About 1350 light years from Earth, the Orion Nebula is known as an H II region, a reference to the fact that it contains ionized hydrogen in its star-forming, gaseous depths. A surprise emerged when the European Southern Observatory put its HAWK-I infrared instrument on the Very Large Telescope to work on the nebula. What turned up were faint brown dwarfs and isolated objects of planetary mass in much larger numbers than expected. Says Amelia Bayo (Universidad de Valparaíso, Chile), a co-author of the paper describing the results:
“Understanding how many low-mass objects are found in the Orion Nebula is very important to constrain current theories of star formation. We now realise that the way these very low-mass objects form depends on their environment.”
Image: A deep infrared view of the Orion Nebula from HAWK-I. Credit: ESO.

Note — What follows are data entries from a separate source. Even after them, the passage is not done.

theorem lemma1:
  fixes M :: "'w measure" and X :: "nat \<Rightarrow> 'w \<Rightarrow> rat"
    and p m :: nat and b \<sigma> T lam :: real
  assumes "prob_space M"
    and "b > 0" and "prime p" and "\<sigma> \<ge> 0" and "T \<ge> 0" and "lam > 0"
    and "1 \<le> int m + \<lceil>log (real p) lam\<rceil>"
    and meas: "\<And>i. X i \<in> measurable M (count_space UNIV)"
    and indep: "prob_space.indep_vars M (\<lambda>_. count_space UNIV) X UNIV"
    and range: "\<And>i. AE \<omega> in M. X i \<omega> \<in> Gp p"
    and norm_dist: "\<And>i k. k \<ge> 1 \<Longrightarrow>
         measure M {\<omega> \<in> space M. padic_abs p (X i \<omega>) = real p ^ k}
           = (real p powr b - 1) * real p powr (- (real k * b))"
    and unif: "\<And>i k x. k \<ge> 1 \<Longrightarrow> x \<in> Gp p \<Longrightarrow> padic_abs p x = real p ^ k \<Longrightarrow>
         measure M {\<omega> \<in> space M. X i \<omega> = x}
           = measure M {\<omega> \<in> space M. padic_abs p (X i \<omega>) = real p ^ k}
             / real (card {y \<in> Gp p. padic_abs p y = real p ^ k})"
  shows "measure M {\<omega> \<in> space M.
            (SUP s\<in>{0..T}. padic_abs p (of_nat p ^ m *
               walk X (nat \<lfloor>diff_coeff p b \<sigma> * real p powr (real m * b) * s\<rfloor>) \<omega>) / real p) < lam}
         = (1 - (real p * pfloor p lam) powr (- b) / real p powr (real m * b))
             ^ nat \<lfloor>diff_coeff p b \<sigma> * real p powr (real m * b) * T\<rfloor>"
proof -
  interpret padic_walk M X p b
    using assms by (simp add: padic_walk_def padic_walk_axioms_def)
  define k where "k = nat (int m + \<lceil>log (real p) lam\<rceil>)"
  define c where "c = diff_coeff p b \<sigma> * real p powr (real m * b)"
  have k: "int k = int m + \<lceil>log (real p) lam\<rceil>"
    using assms(7) unfolding k_def by simp
  have "c \<ge> 0"
    unfolding c_def using diff_coeff_nonneg p_gt_1 assms(2,4) by simp
  define f where "f \<omega> n = padic_abs p (of_nat p ^ m * walk X n \<omega>) / real p" for \<omega> n
  have "{\<omega> \<in> space M. (SUP s\<in>{0..T}. f \<omega> (nat \<lfloor>c * s\<rfloor>)) < lam}
      = {\<omega> \<in> space M. \<forall>n\<le>nat \<lfloor>c * T\<rfloor>. f \<omega> n < lam}"
    using SUP_nat_floor_mult_less_iff[OF \<open>c \<ge> 0\<close> assms(5)] by simp
  also have "prob \<dots> = (1 - real p powr (- (real k * b))) ^ nat \<lfloor>c * T\<rfloor>"
    unfolding f_def by (rule prob_walk_scaled_padic_abs_less[OF assms(6) k])
  also have "real p powr (- (real k * b)) = (real p * pfloor p lam) powr (- b) / real p powr (real m * b)"
    using mult_pfloor_powr_div_eq[OF _ k] p_gt_1 by simp
  finally show ?thesis unfolding c_def f_def by (simp only: mult.assoc)
qed

end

Indeed. The sheer numbers involved here show us that the Orion Nebula may be forming far more low-mass objects than less active star formation areas. The study finds that apart from 929 low-mass stars (less than 1.4 times the mass of the Sun), the Orion Nebula’s Initial Mass Function contains some 757 brown dwarf candidates and 158 ‘isolated planetary mass objects’ (IPMO). The latter have masses greater than 0.005 Solar masses. Overall, the study finds a high fraction of substellar objects (about 50%), ten times more than previously estimated.
Before HAWK-I went to work, the largest grouping of objects known in the Orion Nebula were about one quarter as massive as the Sun. We now have a second maximum to work with at a much lower level of mass. How to explain this ‘bimodal Initial Mass Function’? The authors argue that the excess of brown dwarfs and planetary mass objects is probably produced by ejected material from circumstellar disks, citing recent simulations on pre-stellar disk fragmentation. “We suggest that the final explanation for Orion’s bimodal IMF has to be searched for along that direction.”
Image: Highlights from a new infrared image of the Orion Nebula. Credit: ESO.
Exactly how we define a brown dwarf is not yet a settled matter, as we saw in the discussion of WISE 0855 in yesterday’s post. One common definition places brown dwarfs between roughly 13 and 75 Jupiter masses, with smaller objects sometimes referred to as rogue planets or sub-brown dwarfs. The paper we looked at yesterday by Andrew Skemer et al. calls WISE 0855 a brown dwarf although it is about five Jupiter masses, evidently because it is thought to have evolved from a collapsing protostellar cloud rather than within a protoplanetary disk.
As we work out such definitions, we have a great deal to learn about objects throughout this mass range. The Orion Nebula is considered a benchmark for studying the Initial Mass Function of young star-forming regions and the substellar mass objects that also populate them. The HAWK-I instrument (High Acuity Wide-field K-band Imager) observes in the 0.9–2.5 μm near-infrared spectral range to see through dust to detect cooler stars and planets. The fact that we have numerous planet-sized objects showing up at the current observational limit raises hopes that the European Extremely Large Telescope and other ELTs slated for the 2020s will be able to mount an observing campaign targeting these and perhaps much smaller worlds.